Olivier’s Hamlet was more athletic than some, but the story is basically about the paternal duty of three sons: Hamlet, Laertes and Fortinbras. Olivier completely cuts out Fortinbras as well as Rosencrantz and Guildenstern. Hamlet was the son who hesitated too long to take action. Laertes was the hot-headed son who brashly takes actions, but allows himself to be manipulated by the villain of the piece (Claudius, Hamlet’s uncle and stepfather). Fortinbras was the son who balanced the two. Like Shakespeare’s tragic hero Hamlet, Eric seems to have lost most of his life wandering in this quest, consumed by thoughts of his father. Yet his battles against the government, make him seem more like Don Quixote.

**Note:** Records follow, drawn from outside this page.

lemma corkscrew_near_lipschitz_graph:
  fixes \<Omega> :: "'a::euclidean_space set"
  assumes "open \<Omega>" and e: "e \<in> Basis" and lip: "L-lipschitz_on {h. h \<bullet> e = 0} g"
    and frontier: "frontier \<Omega> \<inter> ball p \<beta> \<subseteq> graph_over e g"
  shows "corkscrew_on (\<Omega> \<inter> ball p (\<beta> / 2)) \<Omega> (1 / (4 * L + 4)) (\<beta> / 2)"
  unfolding corkscrew_on_def
proof (intro ballI allI impI)
  fix y \<rho> assume y: "y \<in> \<Omega> \<inter> ball p (\<beta> / 2)" and \<rho>: "0 < \<rho>" "\<rho> < \<beta> / 2"
  have L: "0 \<le> L" using lip by (rule lipschitz_on_nonneg)
  define \<sigma> :: real where "\<sigma> = (if g (proj_perp e y) \<le> y \<bullet> e then 1 else -1)"
  have \<sigma>: "\<bar>\<sigma>\<bar> = 1" "0 \<le> \<sigma> * (y \<bullet> e - g (proj_perp e y))"
    by (auto simp: \<sigma>_def)
  define w where "w = y + (\<sigma> * (\<rho> / 2)) *\<^sub>R e"
  define s where "s = \<rho> / 2 / (2 * L + 2)"
  have "dist y w = \<rho> / 2" using e \<sigma>(1) \<rho>(1) by (simp add: w_def dist_norm abs_mult)
  moreover have "s \<le> \<rho> / 2" using \<rho> L by (simp add: s_def field_simps)
  ultimately have ball_w: "ball w s \<subseteq> ball y \<rho>" unfolding subset_iff mem_ball by metric
  have "ball y \<rho> \<subseteq> ball p \<beta>"
    using y \<rho> unfolding subset_iff mem_ball Int_iff by metric
  have "v \<in> \<Omega>" if "v \<in> ball w s" for v
  proof (rule cone_point_in_open[OF \<open>open \<Omega>\<close> e lip _ \<sigma>])
    show "y \<in> \<Omega>" using y by blast
    show "L * norm (proj_perp e (v - y)) < \<sigma> * ((v - y) \<bullet> e)"
      using that unfolding w_def s_def mem_ball by (rule cone_contains_ball[OF e L \<sigma>(1)])
    have "closed_segment y v \<subseteq> ball p \<beta>"
      using ball_w that \<rho> \<open>ball y \<rho> \<subseteq> ball p \<beta>\<close> by (meson centre_in_ball closed_segment_subset
          convex_ball subset_iff)
    then show "frontier \<Omega> \<inter> closed_segment y v \<subseteq> graph_over e g" using frontier by blast
  qed
  then show "\<exists>z. ball z (1 / (4 * L + 4) * \<rho>) \<subseteq> \<Omega> \<inter> ball y \<rho>"
    using ball_w by (intro exI[of _ w]) (auto simp: s_def)
qed

section \<open>Corkscrew balls in Lipschitz sets\<close>

lemma frontier_injective_linear_image:
  fixes f :: "'a::euclidean_space \<Rightarrow> 'a"
  assumes "linear f" "inj f"
  shows "frontier (f ` S) = f ` frontier S"
  using assms
  by (simp add: frontier_def closure_injective_linear_image[symmetric]
      interior_injective_linear_image image_set_diff)

lemma corkscrew_near_rotated_lipschitz_graph:
  fixes \<Omega> :: "'a::euclidean_space set" and R :: "'a \<Rightarrow> 'a"
  assumes "open \<Omega>" and R: "orthogonal_transformation R" and "e \<in> Basis"
    and "L-lipschitz_on {h. h \<bullet> e = 0} g"
    and frontier: "frontier \<Omega> \<inter> ball q \<beta> \<subseteq> R ` graph_over e g"
  shows "corkscrew_on (\<Omega> \<inter> ball q (\<beta> / 2)) \<Omega> (1 / (4 * L + 4)) (\<beta> / 2)"
proof -
  have "linear R" "inj R" "surj R"
    by (fact orthogonal_transformation_linear[OF R] orthogonal_transformation_inj[OF R]
        orthogonal_transformation_surj[OF R])+
  define T where "T = inv R"
  have T: "linear T" "inj T" "\<And>x. R (T x) = x"
    using orthogonal_transformation_inv[OF R] \<open>surj R\<close>
    by (auto simp: T_def surj_f_inv_f orthogonal_transformation_linear orthogonal_transformation_inj)
  have "open (T ` \<Omega>)"
    using interior_injective_linear_image[OF T(1,2), of \<Omega>] \<open>open \<Omega>\<close>
    by (simp add: interior_open interior_eq)
  moreover have "frontier (T ` \<Omega>) \<inter> ball (T q) \<beta> \<subseteq> graph_over e g"
  proof
    fix v assume v: "v \<in> frontier (T ` \<Omega>) \<inter> ball (T q) \<beta>"
    then have "R v \<in> frontier \<Omega>"
      using frontier_injective_linear_image[OF T(1,2)] T(3) by auto
    moreover have "R v \<in> ball q \<beta>"
      using v image_orthogonal_transformation_ball[OF R, of "T q" \<beta>] T(3) by auto
    ultimately have "R v \<in> R ` graph_over e g" using frontier by blast
    then show "v \<in> graph_over e g" using \<open>inj R\<close> by (auto dest: injD)
  qed
  ultimately have "corkscrew_on (T ` \<Omega> \<inter> ball (T q) (\<beta> / 2)) (T ` \<Omega>) (1 / (4 * L + 4)) (\<beta> / 2)"
    using corkscrew_near_lipschitz_graph assms(3,4) by blast
  then have "corkscrew_on (R ` (T ` \<Omega> \<inter> ball (T q) (\<beta> / 2))) (R ` T ` \<Omega>) (1 / (4 * L + 4)) (\<beta> / 2)"
    by (rule corkscrew_on_orthogonal_image[OF R])
  moreover have "R ` (T ` \<Omega> \<inter> ball (T q) (\<beta> / 2)) = \<Omega> \<inter> ball q (\<beta> / 2)"
    by (simp add: image_Int[OF \<open>inj R\<close>] image_image T(3) image_orthogonal_transformation_ball[OF R])
  ultimately show ?thesis by (simp add: image_image T(3))
qed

The images used in “Wormwood” are haunting. Remembering how beautiful the family home once was, a sign of financial success, and seeing the murky swimming pool now and the house no longer perkily painted remind one of the weight of unresolved issues of justice and how secrets. What dooms Eric seems to be what doomed his father, an unquiet conscience.
“Wormwood” really is a must-see for all filmmakers because of its seamless integration of re-enactments and psychological collaging effects, but also for those interested in justice and truth in government (which should be every adult). “Wormwood” is a rich, engrossing experience which is filled with bitter dread, but may be just the right medicine for driving the unwanted worms out of government.